Statt pauschaler Rezepte definierst du Spannbreiten, die zu deinen Nerven passen. Beschreibe, wie sich Aktien- und Anleiheanteile in Krisen anfühlen dürfen, und lege Toleranzbänder fest. Wenn Abweichungen entstehen, greift ein klarer Rebalancing-Schritt. So ersetzt Methode das Bauchgefühl und Unsicherheit verliert ihre lauteste Stimme.

Gebühren sind der einzige Faktor, den du zuverlässig steuern kannst. Dokumentiere Gesamtkosten deiner Produkte und Alternativen. Kleine Prozentpunkte wirken über Jahre gigantisch. Eine Seite macht teuer sichtbar, billig attraktiv und verhindert, dass glitzernde Geschichten nüchterne Mathematik überstimmen, wenn Märkte nervös oder euphorisch werden.
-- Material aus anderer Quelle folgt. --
lemma mem_D_P_punctured_D:
  assumes "(X, Y, Z) \<in> D_P_punctured"
  shows "Re X < 1" "Re Y < 1"
    and "l1_norm (Complex (circle_coord X) (circle_coord Y)) = fibre_radius (Re Z)"
    and "0 < fibre_radius (Re Z)"
proof -
  obtain t where X: "cmod X = 1" and Y: "cmod Y = 1" and Zt: "Z = of_real t"
    and t: "1 < t" "t < 3 + 2 * sqrt 2" and sum: "Re X + Re Y + 2 = fibre_radius t"
    using assms by (auto simp: mem_D_P_punctured_iff fibre_radius_def)
  have "-1 \<le> Re X" "-1 \<le> Re Y"
    using abs_Re_le_cmod[of X] abs_Re_le_cmod[of Y] X Y by auto
  with fibre_radius_bounds[OF t] sum show "Re X < 1" "Re Y < 1" "0 < fibre_radius (Re Z)"
    by (simp_all add: Zt)
  then show "l1_norm (Complex (circle_coord X) (circle_coord Y)) = fibre_radius (Re Z)"
    using X Y sum by (simp add: l1_norm_def abs_circle_coord Zt)
qed

definition trivialize :: "complex \<times> complex \<times> complex \<Rightarrow> complex \<times> complex" where
  "trivialize q =
     (snd (snd q), sgn (Complex (circle_coord (fst q)) (circle_coord (fst (snd q)))))"

definition untrivialize :: "complex \<times> complex \<Rightarrow> complex \<times> complex \<times> complex" where
  "untrivialize p =
     (let w = of_real (fibre_radius (Re (fst p)) / l1_norm (snd p)) * snd p
      in (circle_point (Re w), circle_point (Im w), fst p))"

lemma trivialize_D_P_punctured:
  assumes "q \<in> D_P_punctured"
  shows "trivialize q \<in> complex_of_real ` {1<..<3 + 2 * sqrt 2} \<times> sphere 0 1"
    and "untrivialize (trivialize q) = q"
proof -
  obtain X Y Z where q: "q = (X, Y, Z)"
    by (cases q) auto
  with assms have X: "cmod X = 1" and Y: "cmod Y = 1"
    and Z: "Z \<in> complex_of_real ` {1<..<3 + 2 * sqrt 2}"
    by (simp_all add: mem_D_P_punctured_iff)
  define w where "w = Complex (circle_coord X) (circle_coord Y)"
  note D = mem_D_P_punctured_D[OF assms[unfolded q]]
  have "l1_norm w = fibre_radius (Re Z)"
    using D(3) by (simp add: w_def)
  with D(4) have "w \<noteq> 0"
    by auto
  then show "trivialize q \<in> complex_of_real ` {1<..<3 + 2 * sqrt 2} \<times> sphere 0 1"
    using Z by (simp add: trivialize_def q w_def norm_sgn)
  have "of_real (fibre_radius (Re Z) / l1_norm (sgn w)) * sgn w = w"
    using \<open>l1_norm w = fibre_radius (Re Z)\<close> l1_norm_sgn_rescale[OF \<open>w \<noteq> 0\<close>] by simp
  then show "untrivialize (trivialize q) = q"
    using X Y D(1,2) by (simp add: untrivialize_def trivialize_def q w_def circle_point_circle_coord)
qed

lemma untrivialize_base_times_sphere:
  assumes "p \<in> complex_of_real ` {1<..<3 + 2 * sqrt 2} \<times> sphere 0 1"
  shows "untrivialize p \<in> D_P_punctured"
    and "trivialize (untrivialize p) = p"
proof -
  obtain t u where p: "p = (of_real t, u)" and t: "1 < t" "t < 3 + 2 * sqrt 2"
    and u: "cmod u = 1"
    using assms by auto
  define w where "w = of_real (fibre_radius t / l1_norm u) * u"
  have "u \<noteq> 0"
    using u by auto
  have r: "0 < fibre_radius t" "fibre_radius t < 2"
    using fibre_radius_bounds[OF t] by auto
  have "l1_norm w = fibre_radius t"
    using r l1_norm_pos[OF \<open>u \<noteq> 0\<close>] unfolding w_def l1_norm_of_real_mult by simp
  then have w: "\<bar>Re w\<bar> + \<bar>Im w\<bar> = fibre_radius t"
    by (simp add: l1_norm_def)
  then have bounds: "\<bar>Re w\<bar> < 2" "\<bar>Im w\<bar> < 2"
    using r abs_ge_zero[of "Re w"] abs_ge_zero[of "Im w"] by linarith+
  have unt: "untrivialize p = (circle_point (Re w), circle_point (Im w), of_real t)"
    by (simp add: untrivialize_def p w_def)
  show "untrivialize p \<in> D_P_punctured"
    unfolding unt mem_D_P_punctured_iff
  proof (intro conjI)
    show "cmod (circle_point (Re w)) = 1" "cmod (circle_point (Im w)) = 1"
      using bounds by (simp_all add: norm_circle_point)
    show "complex_of_real t \<in> complex_of_real ` {1<..<3 + 2 * sqrt 2}"
      using t by auto
    show "Re (circle_point (Re w)) + Re (circle_point (Im w)) =
        1 - (Re (complex_of_real t) + 1 / Re (complex_of_real t)) / 2"
      using w by (simp add: fibre_radius_def)
  qed
  have "sgn w = u"
    using r l1_norm_pos[OF \<open>u \<noteq> 0\<close>] u unfolding w_def sgn_mult sgn_of_real
    by (simp add: sgn_eq)
  then show "trivialize (untrivialize p) = p"
    using bounds unfolding unt by (simp add: trivialize_def p circle_coord_circle_point)
qed

lemma continuous_on_trivialize: "continuous_on D_P_punctured trivialize"
proof -
  have "Complex (circle_coord (fst q)) (circle_coord (fst (snd q))) \<noteq> 0 \<and>
      Re (fst q) < 1 \<and> Re (fst (snd q)) < 1" if "q \<in> D_P_punctured" for q
  proof -
    obtain X Y Z where q: "q = (X, Y, Z)"
      by (cases q) auto
    show ?thesis
      using mem_D_P_punctured_D[OF that[unfolded q]] by (auto simp: q)
  qed
  then show ?thesis
    unfolding trivialize_def by (intro continuous_intros) auto
qed

lemma continuous_on_untrivialize:
  "continuous_on (complex_of_real ` {1<..<3 + 2 * sqrt 2} \<times> sphere 0 1) untrivialize"
proof -
  have "l1_norm (snd p) \<noteq> 0 \<and> Re (fst p) \<noteq> 0"
    if "p \<in> complex_of_real ` {1<..<3 + 2 * sqrt 2} \<times> sphere 0 1" for p
  proof -
    have "snd p \<noteq> 0" "Re (fst p) \<noteq> 0"
      using that by auto
    then show ?thesis
      using l1_norm_pos[of "snd p"] by simp
  qed
  then show ?thesis
    unfolding untrivialize_def Let_def fibre_radius_def by (intro continuous_intros) auto
qed

lemma homeomorphism_trivialize:
  "homeomorphism D_P_punctured (complex_of_real ` {1<..<3 + 2 * sqrt 2} \<times> sphere 0 1)
     trivialize untrivialize"
  by (rule homeomorphismI[OF continuous_on_trivialize continuous_on_untrivialize
        image_subsetI image_subsetI])
    (fact trivialize_D_P_punctured untrivialize_base_times_sphere)+

theorem lemma2p3:
  defines "E \<equiv> D_P - {(-1, -1, complex_of_real (3 + 2 * sqrt 2))}"
  shows "fibre_bundle (\<lambda>q. snd (snd q)) E (complex_of_real ` {1<..<3 + 2 * sqrt 2})
           (sphere (0::complex) 1) \<and>
         (\<forall>z\<in>{1<..<3 + 2 * sqrt 2}.
           {q\<in>E. snd (snd q) = complex_of_real z} homeomorphic sphere (0::complex) 1 \<and>
           {q\<in>E. snd (snd q) = complex_of_real z} =
             {(cis \<phi>, cis \<psi>, complex_of_real z) | \<phi> \<psi>.
                cos \<phi> + cos \<psi> = 1 - (z + 1 / z) / 2})"
proof -
  have E: "E = D_P_punctured"
    by (simp add: E_def D_P_punctured_def)
  have fst_trivialize: "\<And>q. fst (trivialize q) = snd (snd q)"
    by (simp add: trivialize_def)
  show ?thesis
    unfolding E
    using fibre_bundle_of_trivialization[OF homeomorphism_trivialize fst_trivialize]
      fibre_homeomorphic_of_trivialization[OF homeomorphism_trivialize fst_trivialize]
      fibre_D_P_punctured_eq
    by blast
qed

end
Lege feste Termine oder Abweichungsschwellen fest, zum Beispiel halbjährlich oder bei fünf Prozentpunkten. Beschreibe, welche Positionen du kaufst oder verkaufst, bevor Emotionen lodern. Dadurch kaufst du systematisch günstig, verkaufst relativ teuer und erhältst dein Risikoprofil, ohne ständig Märkte zu beobachten oder zu raten.